|
|
|
|
|
by lellotope
2799 days ago
|
|
There's kind of two issues at least. One is the continuous-discrete issue and the other is the moment issue. As for the moment issue, the short story is that as you get into three or four moments, there isn't a general maximum entropy distribution anymore, except for some special idiosyncratic cases in the case of three I think. So the normal is, in some ways, the most conservative distribution you can have in a general, unspecified scenario sense. You can specify more moments, but then there isn't a single maxent distribution you can specify that would apply across all third and fourth-moment scenarios in the same way that would apply for the first two moments. As for the continuous versus discrete thing, there's some caution that's warranted, but a lot of the maxent principles apply, and there are similar, closely related principles (minimum description length, which has been shown to be equivalent to maximum entropy inferentially in a sense) that generalize in the continuous case.
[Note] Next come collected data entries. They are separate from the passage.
(* Let $S(A)=\{a_n\}$ be independent and $S(B)=\{b_n\}$ be regular. Let $k$ be adequate with respect to $S(A)$. Let $A^{\ast}=\{a_0,a_1,\ldots,a_{2^k-1}\}$ and define $$A\otimes_k B=\{a_{2^k}b+a\mid a\in A^{\ast},\ b\in B\}.$$ Then $S(A\otimes_k B)$ is a regular Stanley sequence, which is independent if and only if $S(B)$ is, having description $$S(A\otimes_k B)=\{a_{2^k}b+a\mid a\in A^{\ast},\ b\in S(B)\},$$ with character $\lambda(A\otimes_k B)=a_{2^k}\cdot \lambda(B)+\lambda(A)$ and shift index $\sigma(A\otimes_k B)=2^k\cdot \sigma(B)$.
   Context: A set of nonnegative integers is 3-free if no three elements form an arithmetic progression. For a 3-free set $A=\{a_0<\cdots<a_k\}$ (all sequences assumed to start at $0$), the Stanley sequence $S(A)=\{a_n\}$ is defined greedily: each $a_{n+1}$ is the smallest integer greater than $a_n$ such that $\{a_0,\ldots,a_{n+1}\}$ is 3-free. A Stanley sequence $S(A)=\{a_n\}$ is independent if there is a constant $\lambda$ (its character $\lambda(A)$) such that for all sufficiently large $k$ and all $0\le i<2^k$, $a_{2^k+i}=a_{2^k}+a_i$ and $a_{2^k}=2a_{2^k-1}-\lambda+1$. A Stanley sequence $S(A)=\{a_n\}$ is regular if there exist constants $\lambda,\sigma$ and an independent Stanley sequence $\{a'_n\}$ of character $\lambda$ (the core) such that for all large $k$ and $0\le i<2^k$, $a_{2^k-\sigma+i}=a_{2^k-\sigma}+a'_i$ and $a_{2^k-\sigma}=2a_{2^k-\sigma-1}-\lambda+1$; these constants are unique, and $\lambda$ is called the character $\lambda(A)$ and $\sigma$ the shift index $\sigma(A)$. Independent sequences are exactly the regular ones with $\sigma=0$ and core equal to themselves. An integer $k_0$ is adequate for a regular sequence $S(A)$ if (i) the two defining equations hold for all $k\ge k_0$ and (ii) $a_{2^{k_0}-\sigma(A)}$ is not contained in the minimal-cardinality nucleating set of $S(A)$. *)

theory Defs
  imports Main "HOL-Library.Infinite_Set"
begin

definition three_free :: "nat set \<Rightarrow> bool" where
  "three_free S \<longleftrightarrow> (\<forall>x\<in>S. \<forall>y\<in>S. \<forall>z\<in>S. x < y \<and> y < z \<longrightarrow> x + z \<noteq> 2 * y)"

definition stanley_base :: "nat set \<Rightarrow> bool" where
  "stanley_base A \<longleftrightarrow> finite A \<and> 0 \<in> A \<and> three_free A"

primrec stan_pre :: "nat set \<Rightarrow> nat \<Rightarrow> nat set" where
  "stan_pre A 0 = A"
| "stan_pre A (Suc n) =
     insert (LEAST x. Max (stan_pre A n) < x \<and> three_free (insert x (stan_pre A n))) (stan_pre A n)"

definition stanley_set :: "nat set \<Rightarrow> nat set" where
  "stanley_set A = (\<Union>n. stan_pre A n)"

definition stanley_seq :: "nat set \<Rightarrow> nat \<Rightarrow> nat" where
  "stanley_seq A = enumerate (stanley_set A)"

definition independent_with :: "nat set \<Rightarrow> int \<Rightarrow> bool" where
  "independent_with A lam \<longleftrightarrow> stanley_base A \<and>
     (\<exists>K. \<forall>k\<ge>K. \<forall>i<2^k.
        int (stanley_seq A (2^k + i)) = int (stanley_seq A (2^k)) + int (stanley_seq A i) \<and>
        int (stanley_seq A (2^k)) = 2 * int (stanley_seq A (2^k - 1)) - lam + 1)"

definition independent :: "nat set \<Rightarrow> bool" where
  "independent A \<longleftrightarrow> (\<exists>lam. independent_with A lam)"

definition regular_eqs :: "nat set \<Rightarrow> nat set \<Rightarrow> int \<Rightarrow> int \<Rightarrow> nat \<Rightarrow> bool" where
  "regular_eqs A C lam sig k \<longleftrightarrow> sig < 2^k \<and>
     (\<forall>i<2^k.
        int (stanley_seq A (nat (2^k - sig) + i)) =
          int (stanley_seq A (nat (2^k - sig))) + int (stanley_seq C i) \<and>
        int (stanley_seq A (nat (2^k - sig))) =
          2 * int (stanley_seq A (nat (2^k - sig - 1))) - lam + 1)"

definition regular_with :: "nat set \<Rightarrow> int \<Rightarrow> int \<Rightarrow> bool" where
  "regular_with A lam sig \<longleftrightarrow> stanley_base A \<and>
     (\<exists>C. independent_with C lam \<and> (\<exists>K. \<forall>k\<ge>K. regular_eqs A C lam sig k))"

definition regular :: "nat set \<Rightarrow> bool" where
  "regular A \<longleftrightarrow> (\<exists>lam sig. regular_with A lam sig)"

definition character :: "nat set \<Rightarrow> int" where
  "character A = (THE lam. \<exists>sig. regular_with A lam sig)"

definition shift_index :: "nat set \<Rightarrow> int" where
  "shift_index A = (THE sig. \<exists>lam. regular_with A lam sig)"

definition nucleates :: "nat set \<Rightarrow> nat set \<Rightarrow> bool" where
  "nucleates N A \<longleftrightarrow> stanley_base N \<and> stanley_set N = stanley_set A"

definition min_nucleating :: "nat set \<Rightarrow> nat set \<Rightarrow> bool" where
  "min_nucleating N A \<longleftrightarrow> nucleates N A \<and> (\<forall>N'. nucleates N' A \<longrightarrow> card N \<le> card N')"

definition adequate :: "nat set \<Rightarrow> nat \<Rightarrow> bool" where
  "adequate A k0 \<longleftrightarrow> regular A \<and>
     (\<exists>C. independent_with C (character A) \<and>
          (\<forall>k\<ge>k0. regular_eqs A C (character A) (shift_index A) k)) \<and>
     (\<forall>N. min_nucleating N A \<longrightarrow> stanley_seq A (nat (2^k0 - shift_index A)) \<notin> N)"

definition otimes :: "nat set \<Rightarrow> nat \<Rightarrow> nat set \<Rightarrow> nat set" where
  "otimes A k B = {stanley_seq A (2^k) * b + a | a b. a \<in> stanley_seq A ` {..<2^k} \<and> b \<in> B}"

end

theory Submission
  imports Defs
begin

text \<open>Put \<open>m = a(2^k)\<close> and \<open>A* = {a(0), \<dots>, a(2^k - 1)}\<close>, so that the elements of the product
  are two-digit numbers \<open>m b + c\<close> with digit \<open>c \<in> A*\<close>. Independence of \<open>S(A)\<close> at levels \<open>k\<close> and
  \<open>k + 1\<close> makes \<open>S(A)\<close> begin with the blocks \<open>A*\<close>, \<open>m + A*\<close>, \<open>3m + A*\<close>. A three-term progression of
  two-digit numbers is either a progression in both digits or carries \<open>m\<close> between them, and the
  carries are impossible because \<open>A* \<union> (m + A*)\<close> is 3-free. Conversely, a number \<open>m q + r\<close> beyond
  the initial set and outside \<open>A* + m S(B)\<close> is the top of a progression: either \<open>q\<close> is excluded
  from \<open>S(B)\<close>, or \<open>r\<close> is excluded from \<open>A*\<close>, directly by a progression in \<open>A*\<close> or, through the
  excluded number \<open>3m + r\<close>, by one with a carry. Adequacy of \<open>k\<close> puts the minimal nucleating set
  of \<open>S(A)\<close> below \<open>m\<close>, so that these exclusions are greedy ones. Hence \<open>S(A \<otimes>\<^sub>k B) = A* + m S(B)\<close>,
  enumerated by \<open>n \<mapsto> m b(n div 2^k) + a(n mod 2^k)\<close>, and the regularity equations of \<open>S(B)\<close> at
  level \<open>L\<close> become those of the product at level \<open>L + k\<close>.\<close>

subsection \<open>The greedy construction\<close>

lemma three_free_subset: "three_free T \<Longrightarrow> S \<subseteq> T \<Longrightarrow> three_free S"
  unfolding three_free_def by blast

lemma three_free_insert_beyond:
  assumes "finite P" "P \<noteq> {}" "three_free P"
  shows "three_free (insert (2 * Max P + 1) P)"
  unfolding three_free_def
proof (intro ballI impI)
  have le: "\<And>y. y \<in> P \<Longrightarrow> y \<le> Max P" using assms(1) by simp
  fix x y z assume xyz: "x \<in> insert (2 * Max P + 1) P" "y \<in> insert (2 * Max P + 1) P"
    "z \<in> insert (2 * Max P + 1) P" "x < y \<and> y < z"
  show "x + z \<noteq> 2 * y"
  proof (cases "z = 2 * Max P + 1")
    case True
    then have "y \<in> P" using xyz by auto
    then show ?thesis using le[of y] True by simp
  next
    case False
    then have "z \<in> P" using xyz by auto
    then have "y \<in> P" "x \<in> P" using le[of z] xyz by auto
    then show ?thesis using \<open>z \<in> P\<close> assms(3) xyz(4) unfolding three_free_def by blast
  qed
qed

definition greedy_next :: "nat set \<Rightarrow> nat" where
  "greedy_next P = (LEAST x. Max P < x \<and> three_free (insert x P))"

lemma greedy_next:
  assumes "finite P" "P \<noteq> {}" "three_free P"
  shows "Max P < greedy_next P \<and> three_free (insert (greedy_next P) P)"
  unfolding greedy_next_def
  by (rule LeastI[of _ "2 * Max P + 1"]) (use three_free_insert_beyond[OF assms] in simp)

lemma less_greedy_next_not_three_free:
  "Max P < x \<Longrightarrow> x < greedy_next P \<Longrightarrow> \<not> three_free (insert x P)"
  unfolding greedy_next_def using not_less_Least by blast

lemma stan_pre_Suc_greedy_next: "stan_pre A (Suc n) = insert (greedy_next (stan_pre A n)) (stan_pre A n)"
  by (simp add: greedy_next_def)

declare stan_pre.simps(2)[simp del]

lemma stan_pre_invariant:
  assumes "stanley_base A"
  shows "finite (stan_pre A n) \<and> A \<subseteq> stan_pre A n \<and> three_free (stan_pre A n)"
proof (induction n)
  case 0
  then show ?case using assms by (simp add: stanley_base_def)
next
  case (Suc n)
  have "stan_pre A n \<noteq> {}" using Suc assms by (auto simp: stanley_base_def)
  then show ?case using Suc greedy_next[of "stan_pre A n"] by (auto simp: stan_pre_Suc_greedy_next)
qed

lemma stan_pre_nonempty: "stanley_base A \<Longrightarrow> stan_pre A n \<noteq> {}"
  using stan_pre_invariant[of A n] by (auto simp: stanley_base_def)

lemma Max_stan_pre_Suc:
  assumes "stanley_base A"
  shows "Max (stan_pre A (Suc n)) = greedy_next (stan_pre A n)
    \<and> Max (stan_pre A n) < greedy_next (stan_pre A n)"
proof -
  let ?P = "stan_pre A n"
  have f: "finite ?P" and ne: "?P \<noteq> {}" and t: "three_free ?P"
    using stan_pre_invariant[OF assms] stan_pre_nonempty[OF assms] by auto
  have "Max ?P < greedy_next ?P" using greedy_next[OF f ne t] by simp
  then show ?thesis using f ne by (simp add: stan_pre_Suc_greedy_next)
qed

lemma stan_pre_mono: "m \<le> n \<Longrightarrow> stan_pre A m \<subseteq> stan_pre A n"
  by (induction n) (auto simp: le_Suc_eq stan_pre_Suc_greedy_next)

lemma Max_stan_pre_ge: "stanley_base A \<Longrightarrow> n \<le> Max (stan_pre A n)"
proof (induction n)
  case (Suc n) then show ?case using Max_stan_pre_Suc[of A n] by simp
qed simp

lemma Max_stan_pre_in_stanley_set: "stanley_base A \<Longrightarrow> Max (stan_pre A n) \<in> stanley_set A"
  unfolding stanley_set_def using stan_pre_invariant[of A n] stan_pre_nonempty[of A n]
  by (intro UnionI[of "stan_pre A n"]) auto

lemma infinite_stanley_set: "stanley_base A \<Longrightarrow> infinite (stanley_set A)"
  unfolding infinite_nat_iff_unbounded_le
  using Max_stan_pre_in_stanley_set Max_stan_pre_ge by blast

lemma subset_stanley_set: "A \<subseteq> stanley_set A"
  unfolding stanley_set_def by (metis UN_upper UNIV_I stan_pre.simps(1))

lemma three_free_stanley_set:
  assumes "stanley_base A" shows "three_free (stanley_set A)"
  unfolding three_free_def
proof (intro ballI impI)
  fix x y z assume xyz: "x \<in> stanley_set A" "y \<in> stanley_set A" "z \<in> stanley_set A" "x < y \<and> y < z"
  obtain i j l where ijl: "x \<in> stan_pre A i" "y \<in> stan_pre A j" "z \<in> stan_pre A l"
    using xyz(1-3) unfolding stanley_set_def by auto
  let ?n = "max i (max j l)"
  have "x \<in> stan_pre A ?n" "y \<in> stan_pre A ?n" "z \<in> stan_pre A ?n"
    using ijl stan_pre_mono[of i ?n A] stan_pre_mono[of j ?n A] stan_pre_mono[of l ?n A]
    by (auto simp: max_def split: if_splits)
  then show "x + z \<noteq> 2 * y" using stan_pre_invariant[OF assms, of ?n] xyz(4)
    unfolding three_free_def by blast
qed

lemma stan_pre_le_Max_imp_mem:
  assumes "stanley_base A"
  shows "x \<in> stan_pre A n \<Longrightarrow> x \<le> Max A \<Longrightarrow> x \<in> A"
proof (induction n)
  case 0 then show ?case by simp
next
  case (Suc n)
  have "Max A \<le> Max (stan_pre A n)"
    using stan_pre_invariant[OF assms, of n] assms by (intro Max_mono) (auto simp: stanley_base_def)
  then show ?case using Suc Max_stan_pre_Suc[OF assms, of n] by (auto simp: stan_pre_Suc_greedy_next)
qed

lemma stanley_set_le_Max_iff:
  assumes "stanley_base A" "x \<le> Max A"
  shows "x \<in> stanley_set A \<longleftrightarrow> x \<in> A"
  using stan_pre_le_Max_imp_mem[OF assms(1) _ assms(2)] subset_stanley_set[of A]
  unfolding stanley_set_def by blast
(* Let $\mathfrak g$ be a finite-dimensional simple Lie algebra which is either complex, or real of dimension greater than $3$. Then every maximal (proper) subalgebra $\mathfrak h$ of $\mathfrak g$ is a maximal Lie triple subsystem of $\mathfrak g$, i.e. there is no Lie triple subsystem $T$ with $\mathfrak h\subsetneq T\subsetneq\mathfrak g$.
   Context: A Lie algebra $\mathfrak g$ is regarded as a Lie triple system with triple product $[x,y,z]:=[[x,y],z]$. A Lie triple subsystem of $\mathfrak g$ is a vector subspace $T$ with $[[T,T],T]\subseteq T$. A maximal Lie triple subsystem is a proper Lie triple subsystem not properly contained in any other proper Lie triple subsystem. *)

theory Defs
  imports Complex_Main
begin

text \<open>A Lie algebra over a field 'k: the underlying vector space is the whole type 'v
  (with scalar multiplication scale), and br is the Lie bracket.\<close>

definition lie_algebra :: "('k::field \<Rightarrow> 'v::ab_group_add \<Rightarrow> 'v) \<Rightarrow> ('v \<Rightarrow> 'v \<Rightarrow> 'v) \<Rightarrow> bool" where
  "lie_algebra scale br \<longleftrightarrow>
     vector_space scale \<and>
     (\<forall>x y z. br (x + y) z = br x z + br y z) \<and>
     (\<forall>x y z. br x (y + z) = br x y + br x z) \<and>
     (\<forall>a x y. br (scale a x) y = scale a (br x y)) \<and>
     (\<forall>a x y. br x (scale a y) = scale a (br x y)) \<and>
     (\<forall>x. br x x = 0) \<and>
     (\<forall>x y z. br x (br y z) + br y (br z x) + br z (br x y) = 0)"

definition finite_dim :: "('k::field \<Rightarrow> 'v::ab_group_add \<Rightarrow> 'v) \<Rightarrow> bool" where
  "finite_dim scale \<longleftrightarrow> (\<exists>B. finite B \<and> module.span scale B = UNIV)"

definition lie_ideal :: "('k::field \<Rightarrow> 'v::ab_group_add \<Rightarrow> 'v) \<Rightarrow> ('v \<Rightarrow> 'v \<Rightarrow> 'v) \<Rightarrow> 'v set \<Rightarrow> bool" where
  "lie_ideal scale br I \<longleftrightarrow> module.subspace scale I \<and> (\<forall>x y. y \<in> I \<longrightarrow> br x y \<in> I)"

definition simple_lie_algebra :: "('k::field \<Rightarrow> 'v::ab_group_add \<Rightarrow> 'v) \<Rightarrow> ('v \<Rightarrow> 'v \<Rightarrow> 'v) \<Rightarrow> bool" where
  "simple_lie_algebra scale br \<longleftrightarrow> lie_algebra scale br \<and>
     (\<exists>x y. br x y \<noteq> 0) \<and>
     (\<forall>I. lie_ideal scale br I \<longrightarrow> I = {0} \<or> I = UNIV)"

definition lie_subalgebra :: "('k::field \<Rightarrow> 'v::ab_group_add \<Rightarrow> 'v) \<Rightarrow> ('v \<Rightarrow> 'v \<Rightarrow> 'v) \<Rightarrow> 'v set \<Rightarrow> bool" where
  "lie_subalgebra scale br H \<longleftrightarrow> module.subspace scale H \<and> (\<forall>x\<in>H. \<forall>y\<in>H. br x y \<in> H)"

definition maximal_subalgebra :: "('k::field \<Rightarrow> 'v::ab_group_add \<Rightarrow> 'v) \<Rightarrow> ('v \<Rightarrow> 'v \<Rightarrow> 'v) \<Rightarrow> 'v set \<Rightarrow> bool" where
  "maximal_subalgebra scale br H \<longleftrightarrow> lie_subalgebra scale br H \<and> H \<noteq> UNIV \<and>
     (\<forall>K. lie_subalgebra scale br K \<and> H \<subseteq> K \<and> K \<noteq> UNIV \<longrightarrow> K = H)"

definition lie_triple_subsystem :: "('k::field \<Rightarrow> 'v::ab_group_add \<Rightarrow> 'v) \<Rightarrow> ('v \<Rightarrow> 'v \<Rightarrow> 'v) \<Rightarrow> 'v set \<Rightarrow> bool" where
  "lie_triple_subsystem scale br T \<longleftrightarrow> module.subspace scale T \<and>
     (\<forall>x\<in>T. \<forall>y\<in>T. \<forall>z\<in>T. br (br x y) z \<in> T)"

definition maximal_lie_triple_subsystem :: "('k::field \<Rightarrow> 'v::ab_group_add \<Rightarrow> 'v) \<Rightarrow> ('v \<Rightarrow> 'v \<Rightarrow> 'v) \<Rightarrow> 'v set \<Rightarrow> bool" where
  "maximal_lie_triple_subsystem scale br T \<longleftrightarrow> lie_triple_subsystem scale br T \<and> T \<noteq> UNIV \<and>
     (\<forall>S. lie_triple_subsystem scale br S \<and> T \<subseteq> S \<and> S \<noteq> UNIV \<longrightarrow> S = T)"

end

theory Submission
  imports Defs "HOL-Computational_Algebra.Fundamental_Theorem_Algebra"
begin

(* A Lie triple subsystem T with h \<subset> T \<subset> g forces h to be abelian: for K = span [T,T], the
   subalgebra K + T properly contains h, hence is g, so K \<inter> T is a proper ideal, hence 0; but it
   contains [h,h]. It remains to see that a simple g has no abelian maximal subalgebra h (in the
   real case, unless dim g \<le> 3).

   Take an ad h-stable subspace V minimal over h. Each ad x with x \<in> h acts on the irreducible
   h-module V/h commuting with ad h, so an irreducible factor of its minimal polynomial annihilates
   V/h. Over the complex numbers the factor is linear: ad h preserves a line y + h, and the subalgebra
   h + span {y} = g has g = [g,g] = [h,y] of dimension at most dim h. Over the reals a quadratic
   factor yields a complex structure on V/h; any two of these agree up to sign, which traps
   ad h in a plane modulo h and gives dim g = dim [g,g] \<le> 3. *)

section \<open>Polynomials in an endomorphism\<close>

sublocale vector_space \<subseteq> endo: vector_space_pair scale scale ..

abbreviation (in vector_space) linear_endo :: "('b \<Rightarrow> 'b) \<Rightarrow> bool" where
  "linear_endo f \<equiv> Vector_Spaces.linear scale scale f"

definition poly_endo :: "('k::field \<Rightarrow> 'v::ab_group_add \<Rightarrow> 'v) \<Rightarrow> 'k poly \<Rightarrow> ('v \<Rightarrow> 'v) \<Rightarrow> 'v \<Rightarrow> 'v" where
  "poly_endo sc p f = fold_coeffs (\<lambda>a g v. sc a v + f (g v)) p (\<lambda>v. 0)"

context vector_space
begin

lemma linear_endoI:
  assumes "\<And>x y. f (x + y) = f x + f y" and "\<And>c x. f (c *s x) = c *s f x"
  shows "linear_endo f"
  using assms vector_space_axioms by (simp add: Vector_Spaces.linear_iff)

lemma poly_endo_0 [simp]: "poly_endo scale 0 f v = 0"
  by (simp add: poly_endo_def)

lemma poly_endo_pCons [simp]:
  "linear_endo f \<Longrightarrow> poly_endo scale (pCons a p) f v = a *s v + f (poly_endo scale p f v)"
  by (cases "p = 0 \<and> a = 0") (auto simp: poly_endo_def endo.linear_0)

lemma poly_endo_const: "linear_endo f \<Longrightarrow> poly_endo scale [:c:] f v = c *s v"
  by (simp add: endo.linear_0)

lemma linear_poly_endo:
  assumes f: "linear_endo f"
  shows "linear_endo (poly_endo scale p f)"
proof (rule linear_endoI)
  show "poly_endo scale p f (x + y) = poly_endo scale p f x + poly_endo scale p f y" for x y
    using f by (induction p) (simp_all add: endo.linear_add algebra_simps)
  show "poly_endo scale p f (c *s x) = c *s poly_endo scale p f x" for c x
    using f by (induction p) (simp_all add: endo.linear_add endo.linear_scale scale_right_distrib
        scale_left_commute)
qed

lemma poly_endo_add:
  "linear_endo f \<Longrightarrow> poly_endo scale (p + q) f v = poly_endo scale p f v + poly_endo scale q f v"
proof (induction p arbitrary: q)
  case (pCons a p)
  then show ?case
    by (cases q) (simp add: endo.linear_add algebra_simps)
qed simp

lemma poly_endo_smult: "linear_endo f \<Longrightarrow> poly_endo scale (smult c p) f v = c *s poly_endo scale p f v"
  by (induction p) (simp_all add: endo.linear_scale scale_right_distrib)

lemma poly_endo_mult:
  "linear_endo f \<Longrightarrow> poly_endo scale (p * q) f v = poly_endo scale p f (poly_endo scale q f v)"
  by (induction p) (simp_all add: poly_endo_add poly_endo_smult)

lemma poly_endo_diff:
  "linear_endo f \<Longrightarrow> poly_endo scale (p - q) f v = poly_endo scale p f v - poly_endo scale q f v"
  using poly_endo_add[of f p "-q" v] poly_endo_smult[of f "-1" q v] by (simp add: minus_poly_def)

lemma poly_endo_monom: "linear_endo f \<Longrightarrow> poly_endo scale (monom a n) f v = a *s (f ^^ n) v"
  by (induction n) (simp_all add: monom_0 monom_Suc endo.linear_scale endo.linear_0)

lemma poly_endo_sum:
  "linear_endo f \<Longrightarrow> poly_endo scale (sum g A) f v = (\<Sum>a\<in>A. poly_endo scale (g a) f v)"
  by (induction A rule: infinite_finite_induct) (simp_all add: poly_endo_add)

lemma poly_endo_commute:
  assumes "linear_endo f" "linear_endo g" "\<And>x. g (f x) = f (g x)"
  shows "g (poly_endo scale p f v) = poly_endo scale p f (g v)"
  using assms by (induction p) (simp_all add: endo.linear_add endo.linear_scale endo.linear_0)

lemma poly_endo_mem_subspace:
  assumes "linear_endo f" "subspace V" "\<And>x. x \<in> V \<Longrightarrow> f x \<in> V" "v \<in> V"
  shows "poly_endo scale p f v \<in> V"
  using assms by (induction p) (simp_all add: subspace_add subspace_scale subspace_0)

lemma mem_span_pairE:
  assumes "v \<in> span {a, b}"
  obtains s t where "v = s *s a + t *s b"
proof -
  obtain s where "v - s *s a \<in> span {b}" using assms span_breakdown_eq[of v a "{b}"] by auto
  then obtain t where "v - s *s a = t *s b" by (auto simp: span_singleton)
  then show thesis using that[of s t] by (simp add: algebra_simps)
qed

lemma mem_span_insert_if_diff_scale_mem: "u - l *s y \<in> h \<Longrightarrow> u \<in> span (insert y h)"
  using span_breakdown_eq[of u y h] span_superset[of h] by blast

end

context finite_dimensional_vector_space
begin

lemma mem_span_iterates_mod:
  assumes h: "subspace h"
  shows "x \<in> span (h \<union> (\<lambda>i. (f ^^ i) v) ` {..<k}) \<Longrightarrow> \<exists>c. x - (\<Sum>i<k. c i *s (f ^^ i) v) \<in> h"
proof (induction k arbitrary: x)
  case 0
  then have "x \<in> span h" by simp
  then have "x \<in> h" using h by (metis span_eq_iff)
  then show ?case by simp
next
  case (Suc k)
  have "h \<union> (\<lambda>i. (f ^^ i) v) ` {..<Suc k} = insert ((f ^^ k) v) (h \<union> (\<lambda>i. (f ^^ i) v) ` {..<k})"
    by (auto simp: lessThan_Suc)
  then obtain a where "x - a *s (f ^^ k) v \<in> span (h \<union> (\<lambda>i. (f ^^ i) v) ` {..<k})"
    using Suc.prems span_breakdown_eq by metis
  then obtain c where c: "x - a *s (f ^^ k) v - (\<Sum>i<k. c i *s (f ^^ i) v) \<in> h"
    using Suc.IH by blast
  have "(\<Sum>i<k. (c(k := a)) i *s (f ^^ i) v) = (\<Sum>i<k. c i *s (f ^^ i) v)"
    by (rule sum.cong) auto
  then have "x - (\<Sum>i<Suc k. (c(k := a)) i *s (f ^^ i) v) = x - a *s (f ^^ k) v - (\<Sum>i<k. c i *s (f ^^ i) v)"
    by (simp add: algebra_simps)
  then show ?case using c by metis
qed

lemma exists_poly_endo_mem:
  assumes h: "subspace h" and f: "linear_endo f" and v: "v \<notin> h"
  obtains p where "p \<noteq> 0" "poly_endo scale p f v \<in> h"
proof -
  define U where "U k = h \<union> (\<lambda>i. (f ^^ i) v) ` {..<k}" for k
  have "\<exists>k. (f ^^ k) v \<in> span (U k)"
  proof (rule ccontr)
    assume indep: "\<nexists>k. (f ^^ k) v \<in> span (U k)"
    have "dim h + k \<le> dim (U k)" for k
    proof (induction k)
      case (Suc k)
      have "U (Suc k) = insert ((f ^^ k) v) (U k)" by (auto simp: U_def lessThan_Suc)
      then show ?case using indep Suc.IH by (simp add: dim_insert)
    qed (simp add: U_def)
    then show False
      using dim_subset_UNIV[of "U (Suc dimension)"] by (metis add_leE not_less_eq_eq)
  qed
  then obtain k where "(f ^^ k) v \<in> span (U k)" by blast
  from mem_span_iterates_mod[OF h this[unfolded U_def]]
  obtain c where c: "(f ^^ k) v - (\<Sum>i<k. c i *s (f ^^ i) v) \<in> h" by blast
  define p where "p = monom 1 k - (\<Sum>i<k. monom (c i) i)"
  have "coeff p k = 1" by (simp add: p_def coeff_sum)
  then have "p \<noteq> 0" by auto
  moreover have "poly_endo scale p f v = (f ^^ k) v - (\<Sum>i<k. c i *s (f ^^ i) v)"
    by (simp add: p_def poly_endo_diff[OF f] poly_endo_monom[OF f] poly_endo_sum[OF f])
  with c have "poly_endo scale p f v \<in> h" by (simp only:)
  ultimately show thesis by (rule that)
qed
If you think of everything as discretized (as is the case with machine representation), there's some work showing that the discretized and continuous cases are sort of related up to a constant (doi: 10.1109/TIT.2004.836702). I realize this is a bit hand-wavy but it is a HN post. |
|
I do see the reasoning for choosing the normal due to it being the only distribution with finite non-zero moments, and thus, as you nicely pointed out, constraints on a finite number of higher order moments will not give a unique distribution.
But, due to the issues we've now mentioned, I find myself a bit uneasy wrt. maxent as a derivation of and/or as an explanation of the ubiquity of the normal distribution. Thus I find myself more comfortable with some of the other derivations demonstrated by Jaynes.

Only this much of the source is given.